Mais rendez-vous était également pris avec l’AJ Auxerre puisque les duels entre Bourguignons et Westphaliens deviendront presque un classique des Coupes d’Europe dans la décennie suivante : en 1996-1997, sur la route de son triomphe en Königsklasse, le BVB  a sorti Auxerre en quart de finale. Le match aller au Westfalenstadion a fait couler beaucoup d’encre en France avec le but refusé pour un jeu dangereux pas évident sur une bicyclette de Lilian Laslandes mais le BVB était au-dessus : victoires 3-1 au Westfalenstadion et 1-0 au retour à l’Abbé-Deschamps dans un match beaucoup mieux maîtrisé que cette demi-finale mythique de 1993. Et puis les deux clubs se retrouveront dans le même groupe de Ligue des Champions en 2002-2003 : le BVB s’était imposé 2-1 au Westfalenstadion avant de perdre 1-0 à l’Abbé-Deschamps dans un match sans enjeu puisqu’Arsenal et Dortmund avaient déjà obtenu leur qualification pour le tour suivant au détriment d’Auxerre et du PSV Eindhoven. La dernière page à ce jour de la saga épique entre le Borussia Dortmund et l’AJ Auxerre, gageons qu’il faudra encore patienter quelques années pour retrouver une Auxerre – BVB aussi palpitant que cette demi-finale de 1993…

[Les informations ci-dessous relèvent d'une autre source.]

(* Let $d_i>0$ for all $i$, $\mathbf{P}\in\mathbb{Z}_{\ge0}^N$ with $P_N>0$, $\mathbf{L}\in\mathbb{R}^{N\times M}$ with non-negative entries and $L_{N,j}>0$ for all $j$, and $\gamma>0$. Let $\tilde{\boldsymbol\alpha}$ be the unique maximizer on the non-negative orthant of $S(\boldsymbol\alpha)=l(\boldsymbol\alpha)-\gamma\|\boldsymbol\alpha\|_2^2$. Then $\tilde{\boldsymbol\alpha}$ is a fixed point of the map $$\mathbf{T}_\gamma(\boldsymbol\alpha)_j=\frac{\big(\mathbf{L}^T(\mathbf{d}\odot e^{-\mathbf{L}\boldsymbol\alpha})\big)_j}{(\mathbf{L}^T\mathbf{P})_j+2\gamma\alpha_j}\,\alpha_j,\qquad j=1,\dots,M.$$ Moreover, if $\boldsymbol\alpha^{(0)}$ is strictly positive then all iterates $\boldsymbol\alpha^{(n+1)}=\mathbf{T}_\gamma(\boldsymbol\alpha^{(n)})$ are strictly positive, a strictly positive fixed point of $\mathbf{T}_\gamma$ is the maximizer of $S$, and if the iterates converge then their limit is the maximizer of $S$ on the non-negative orthant.
   Context: $l(\boldsymbol\alpha)=\sum_{i=1}^N\big(P_i\log d_i-(\mathbf{L}\boldsymbol\alpha)_iP_i-d_i e^{-(\mathbf{L}\boldsymbol\alpha)_i}-\log(P_i!)\big)$ for $\boldsymbol\alpha\ge0$ (Poisson log-likelihood of the discretized Raman lidar model). $\odot$ denotes the componentwise product and $e^{-\mathbf{L}\boldsymbol\alpha}$ is taken componentwise. *)

theory Defs
  imports "HOL-Analysis.Analysis"
begin

text \<open>Vectors in R^N / R^M are represented as functions nat => real, with indices
  0..N-1 (resp. 0..M-1); the paper's index i = 1..N corresponds to i-1 here,
  so the paper's last index N is N - 1. The matrix L is nat => nat => real,
  L i j for i < N, j < M.\<close>

definition Lmul :: "nat \<Rightarrow> (nat \<Rightarrow> nat \<Rightarrow> real) \<Rightarrow> (nat \<Rightarrow> real) \<Rightarrow> nat \<Rightarrow> real" where
  "Lmul M L \<alpha> i = (\<Sum>j<M. L i j * \<alpha> j)"

definition loglik :: "nat \<Rightarrow> nat \<Rightarrow> (nat \<Rightarrow> real) \<Rightarrow> (nat \<Rightarrow> nat) \<Rightarrow>
    (nat \<Rightarrow> nat \<Rightarrow> real) \<Rightarrow> (nat \<Rightarrow> real) \<Rightarrow> real" where
  "loglik N M d P L \<alpha> =
     (\<Sum>i<N. real (P i) * ln (d i) - Lmul M L \<alpha> i * real (P i)
            - d i * exp (- Lmul M L \<alpha> i) - ln (fact (P i)))"

definition Sobj :: "nat \<Rightarrow> nat \<Rightarrow> (nat \<Rightarrow> real) \<Rightarrow> (nat \<Rightarrow> nat) \<Rightarrow>
    (nat \<Rightarrow> nat \<Rightarrow> real) \<Rightarrow> real \<Rightarrow> (nat \<Rightarrow> real) \<Rightarrow> real" where
  "Sobj N M d P L \<gamma> \<alpha> = loglik N M d P L \<alpha> - \<gamma> * (\<Sum>j<M. (\<alpha> j)\<^sup>2)"

definition orthant :: "nat \<Rightarrow> (nat \<Rightarrow> real) set" where
  "orthant M = {\<alpha>. (\<forall>j<M. 0 \<le> \<alpha> j) \<and> (\<forall>j. M \<le> j \<longrightarrow> \<alpha> j = 0)}"

definition Tmap :: "nat \<Rightarrow> nat \<Rightarrow> (nat \<Rightarrow> real) \<Rightarrow> (nat \<Rightarrow> nat) \<Rightarrow>
    (nat \<Rightarrow> nat \<Rightarrow> real) \<Rightarrow> real \<Rightarrow> (nat \<Rightarrow> real) \<Rightarrow> nat \<Rightarrow> real" where
  "Tmap N M d P L \<gamma> \<alpha> j =
     (if j < M then
        (\<Sum>i<N. L i j * (d i * exp (- Lmul M L \<alpha> i)))
          / ((\<Sum>i<N. L i j * real (P i)) + 2 * \<gamma> * \<alpha> j) * \<alpha> j
      else 0)"

end

theory Submission
  imports Defs
begin

text \<open>Write \<open>A\<^sub>j(\<alpha>) = (L\<^sup>T(d \<odot> e\<^sup>-\<^sup>L\<^sup>\<alpha>))\<^sub>j\<close> and \<open>B\<^sub>j = (L\<^sup>T P)\<^sub>j\<close>. Then
  \<open>\<partial>S/\<partial>\<alpha>\<^sub>j = A\<^sub>j(\<alpha>) - B\<^sub>j - 2\<gamma>\<alpha>\<^sub>j\<close> and \<open>T\<^sub>\<gamma>\<close> multiplies \<open>\<alpha>\<^sub>j\<close> by \<open>A\<^sub>j(\<alpha>) / (B\<^sub>j + 2\<gamma>\<alpha>\<^sub>j)\<close>,
  so positive fixed points of \<open>T\<^sub>\<gamma>\<close> are stationary points of \<open>S\<close>, and for a limit of
  positive iterates the ratio tends to \<open>1\<close> on nonzero coordinates and to at most \<open>1\<close> on
  zero coordinates: the limit satisfies the KKT conditions of the orthant.
  Convexity of \<open>exp\<close> gives \<open>S(x) \<le> S(a) + \<nabla>S(a)\<cdot>(x - a) - \<gamma>\<parallel>x - a\<parallel>\<^sup>2\<close>, so a KKT
  point is the unique maximizer.\<close>

definition LTdexp :: "nat \<Rightarrow> nat \<Rightarrow> (nat \<Rightarrow> real) \<Rightarrow> (nat \<Rightarrow> nat \<Rightarrow> real) \<Rightarrow> (nat \<Rightarrow> real) \<Rightarrow> nat \<Rightarrow> real"
  where "LTdexp N M d L a j = (\<Sum>i<N. L i j * (d i * exp (- Lmul M L a i)))"

definition LTP :: "nat \<Rightarrow> (nat \<Rightarrow> nat) \<Rightarrow> (nat \<Rightarrow> nat \<Rightarrow> real) \<Rightarrow> nat \<Rightarrow> real"
  where "LTP N P L j = (\<Sum>i<N. L i j * real (P i))"

definition Sgrad :: "nat \<Rightarrow> nat \<Rightarrow> (nat \<Rightarrow> real) \<Rightarrow> (nat \<Rightarrow> nat) \<Rightarrow> (nat \<Rightarrow> nat \<Rightarrow> real) \<Rightarrow> real
    \<Rightarrow> (nat \<Rightarrow> real) \<Rightarrow> nat \<Rightarrow> real"
  where "Sgrad N M d P L \<gamma> a j = LTdexp N M d L a j - LTP N P L j - 2 * \<gamma> * a j"

definition kkt_point :: "nat \<Rightarrow> (nat \<Rightarrow> real) \<Rightarrow> (nat \<Rightarrow> real) \<Rightarrow> bool"
  where "kkt_point M g a \<longleftrightarrow> a \<in> orthant M \<and> (\<forall>j<M. g j \<le> 0 \<and> (a j \<noteq> 0 \<longrightarrow> g j = 0))"

lemma Tmap_eq:
  "Tmap N M d P L \<gamma> a j =
     (if j < M then LTdexp N M d L a j / (LTP N P L j + 2 * \<gamma> * a j) * a j else 0)"
  unfolding Tmap_def LTdexp_def LTP_def by simp

lemma LTdexp_pos:
  assumes "i < N" "0 < L i j" "0 < d i"
    and "\<And>i. i < N \<Longrightarrow> 0 \<le> L i j" "\<And>i. i < N \<Longrightarrow> 0 \<le> d i"
  shows "0 < LTdexp N M d L a j"
  unfolding LTdexp_def by (rule sum_pos2[where i=i]) (use assms in auto)

lemma LTP_pos:
  assumes "i < N" "0 < L i j" "0 < P i" "\<And>i. i < N \<Longrightarrow> 0 \<le> L i j"
  shows "0 < LTP N P L j"
  unfolding LTP_def by (rule sum_pos2[where i=i]) (use assms in auto)

lemma LTdexp_tendsto:
  assumes "\<And>j. (\<lambda>n. \<alpha> n j) \<longlonglongrightarrow> \<beta> j"
  shows "(\<lambda>n. LTdexp N M d L (\<alpha> n) j) \<longlonglongrightarrow> LTdexp N M d L \<beta> j"
  unfolding LTdexp_def Lmul_def using assms by (auto intro!: tendsto_intros)

lemma loglik_le_linearization:
  assumes d: "\<And>i. i < N \<Longrightarrow> 0 \<le> d i"
  shows "loglik N M d P L x
    \<le> loglik N M d P L a + (\<Sum>j<M. (LTdexp N M d L a j - LTP N P L j) * (x j - a j))"
proof -
  define u where "u i = d i * exp (- Lmul M L a i) - real (P i)" for i
  have term_le: "real (P i) * ln (d i) - Lmul M L x i * real (P i) - d i * exp (- Lmul M L x i)
        - ln (fact (P i))
      \<le> real (P i) * ln (d i) - Lmul M L a i * real (P i) - d i * exp (- Lmul M L a i)
        - ln (fact (P i)) + u i * (Lmul M L x i - Lmul M L a i)" if "i \<in> {..<N}" for i
  proof -
    define s t where "s = Lmul M L x i" and "t = Lmul M L a i"
    have "exp (- t) * (1 + (t - s)) \<le> exp (- t) * exp (t - s)"
      using exp_ge_add_one_self [of "t - s"] by (rule mult_left_mono) simp
    also have "\<dots> = exp (- s)" by (simp flip: exp_add)
    finally have "d i * (exp (- t) * (1 + (t - s))) \<le> d i * exp (- s)"
      using d that by (intro mult_left_mono) auto
    then show ?thesis unfolding u_def s_def [symmetric] t_def [symmetric] by (simp add: algebra_simps)
  qed
  have "loglik N M d P L x \<le> loglik N M d P L a + (\<Sum>i<N. u i * (Lmul M L x i - Lmul M L a i))"
    unfolding loglik_def sum.distrib [symmetric] by (intro sum_mono term_le)
  also have "(\<Sum>i<N. u i * (Lmul M L x i - Lmul M L a i)) = (\<Sum>i<N. \<Sum>j<M. u i * L i j * (x j - a j))"
    unfolding Lmul_def by (simp add: sum_distrib_left sum_subtractf [symmetric] algebra_simps)
  also have "\<dots> = (\<Sum>j<M. (\<Sum>i<N. L i j * u i) * (x j - a j))"
    by (subst sum.swap) (simp add: sum_distrib_left mult_ac)
  also have "\<dots> = (\<Sum>j<M. (LTdexp N M d L a j - LTP N P L j) * (x j - a j))"
    unfolding LTdexp_def LTP_def u_def by (simp add: right_diff_distrib sum_subtractf)
  finally show ?thesis .
qed

lemma Sobj_le_linearization:
  assumes "\<And>i. i < N \<Longrightarrow> 0 \<le> d i"
  shows "Sobj N M d P L \<gamma> x \<le> Sobj N M d P L \<gamma> a
    + (\<Sum>j<M. Sgrad N M d P L \<gamma> a j * (x j - a j)) - \<gamma> * (\<Sum>j<M. (x j - a j)\<^sup>2)"
proof -
  have "(\<Sum>j<M. (x j)\<^sup>2) = (\<Sum>j<M. (a j)\<^sup>2) + (\<Sum>j<M. 2 * a j * (x j - a j)) + (\<Sum>j<M. (x j - a j)\<^sup>2)"
    by (simp add: sum.distrib [symmetric] power2_eq_square algebra_simps)
  moreover have "(\<Sum>j<M. Sgrad N M d P L \<gamma> a j * (x j - a j))
      = (\<Sum>j<M. (LTdexp N M d L a j - LTP N P L j) * (x j - a j)) - \<gamma> * (\<Sum>j<M. 2 * a j * (x j - a j))"
    unfolding Sgrad_def by (simp add: sum_subtractf [symmetric] sum_distrib_left algebra_simps)
  ultimately show ?thesis
    using loglik_le_linearization [of N d M P L x a, OF assms] unfolding Sobj_def by (simp add: algebra_simps)
qed

lemma kkt_point_unique_maximizer:
  assumes d: "\<And>i. i < N \<Longrightarrow> 0 \<le> d i" and "0 < \<gamma>"
    and kkt: "kkt_point M (Sgrad N M d P L \<gamma> b) b"
    and x: "x \<in> orthant M" and le: "Sobj N M d P L \<gamma> b \<le> Sobj N M d P L \<gamma> x"
  shows "x = b"
proof -
  have "Sgrad N M d P L \<gamma> b j * (x j - b j) \<le> 0" if "j < M" for j
  proof -
    have "Sgrad N M d P L \<gamma> b j \<le> 0" "b j \<noteq> 0 \<Longrightarrow> Sgrad N M d P L \<gamma> b j = 0" "0 \<le> x j"
      using kkt x that unfolding kkt_point_def orthant_def by auto
    then show ?thesis by (cases "b j = 0") (auto simp: mult_nonpos_nonneg)
  qed
  then have "(\<Sum>j<M. Sgrad N M d P L \<gamma> b j * (x j - b j)) \<le> 0"
    by (intro sum_nonpos) auto
  with Sobj_le_linearization [of N d M P L \<gamma> x b, OF d] le
  have "\<gamma> * (\<Sum>j<M. (x j - b j)\<^sup>2) \<le> 0" by linarith
  with \<open>0 < \<gamma>\<close> have "(\<Sum>j<M. (x j - b j)\<^sup>2) = 0"
    by (simp add: mult_le_0_iff sum_nonneg order_antisym)
  then have "x j = b j" if "j < M" for j
    using that by (subst (asm) sum_nonneg_eq_0_iff) auto
  moreover have "x j = b j" if "M \<le> j" for j
    using x kkt that unfolding kkt_point_def orthant_def by auto
  ultimately show ?thesis by (metis ext not_le)
qed

lemma Lmul_fun_upd_add:
  assumes "j < M"
  shows "Lmul M L (a(j := a j + e)) i = Lmul M L a i + L i j * e"
proof -
  have "(\<Sum>k<M. L i k * (a(j := a j + e)) k) = (\<Sum>k<M. L i k * a k + (if k = j then L i j * e else 0))"
    by (rule sum.cong) (auto simp: algebra_simps)
  then show ?thesis unfolding Lmul_def using assms by (simp add: sum.distrib)
qed

lemma sum_square_fun_upd_add:
  fixes a :: "nat \<Rightarrow> real"
  assumes "j < M"
  shows "(\<Sum>k<M. ((a(j := a j + e)) k)\<^sup>2) = (\<Sum>k<M. (a k)\<^sup>2) + (2 * a j * e + e\<^sup>2)"
proof -
  have "(\<Sum>k<M. ((a(j := a j + e)) k)\<^sup>2) = (\<Sum>k<M. (a k)\<^sup>2 + (if k = j then 2 * a j * e + e\<^sup>2 else 0))"
    by (rule sum.cong) (auto simp: power2_eq_square algebra_simps)
  then show ?thesis using assms by (simp add: sum.distrib)
qed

Coupe UEFA 1992-1993, demi-finale retour, 20 avril 1993 :

AJ Auxerre – Borussia Dortmund 2-0 (1-0). Aller: 0-2. 5-6 tirs au but

Stade de l’Abbé-Deschamps, 18’500 spectateurs (guichets fermés).

Arbitre : M. Muhmentaler (Suisse).

Buts : 8e Martins (1-0), 72e Verlaat (2-0).

Tirs au but: Karl (0-1), Vahirua (1-1), Chapuisat (1-2), Prunier (2-2), Reinhardt (2-3), Laslandes (3-3), Schulz (3-4), Verlaat (4-4), Zorc (4-5). Dutuel (5-5), Rummenigge (5-6). Mahé (5-6, arrêt Klos).

AJ Auxerre: Charbonnier; Goma (100e Saïb), Prunier, Verlaat, Mahé; Dutuel, Guerreiro, Martins; Cocard, Baticle (106e Laslandes), Vahirua. Entraîneur: Guy Roux.

Borussia Dortmund : Klos; Kutowski, Schmidt, Schulz; Karl, Lusch (74e Mill), Zelic (104e Grauer), Zorc, Reinhardt; Rummenigge, Chapuisat. Entraîneur: Ottmar Hitzfeld.

Avertissements: 51e Kutowski, 70e Schulz, 78e Cocard, 80e Prunier, 100e Guerreiro.

Expulsions: 98e Kutowski (2e avertissement), 106e Guerreiro (2e avertissement).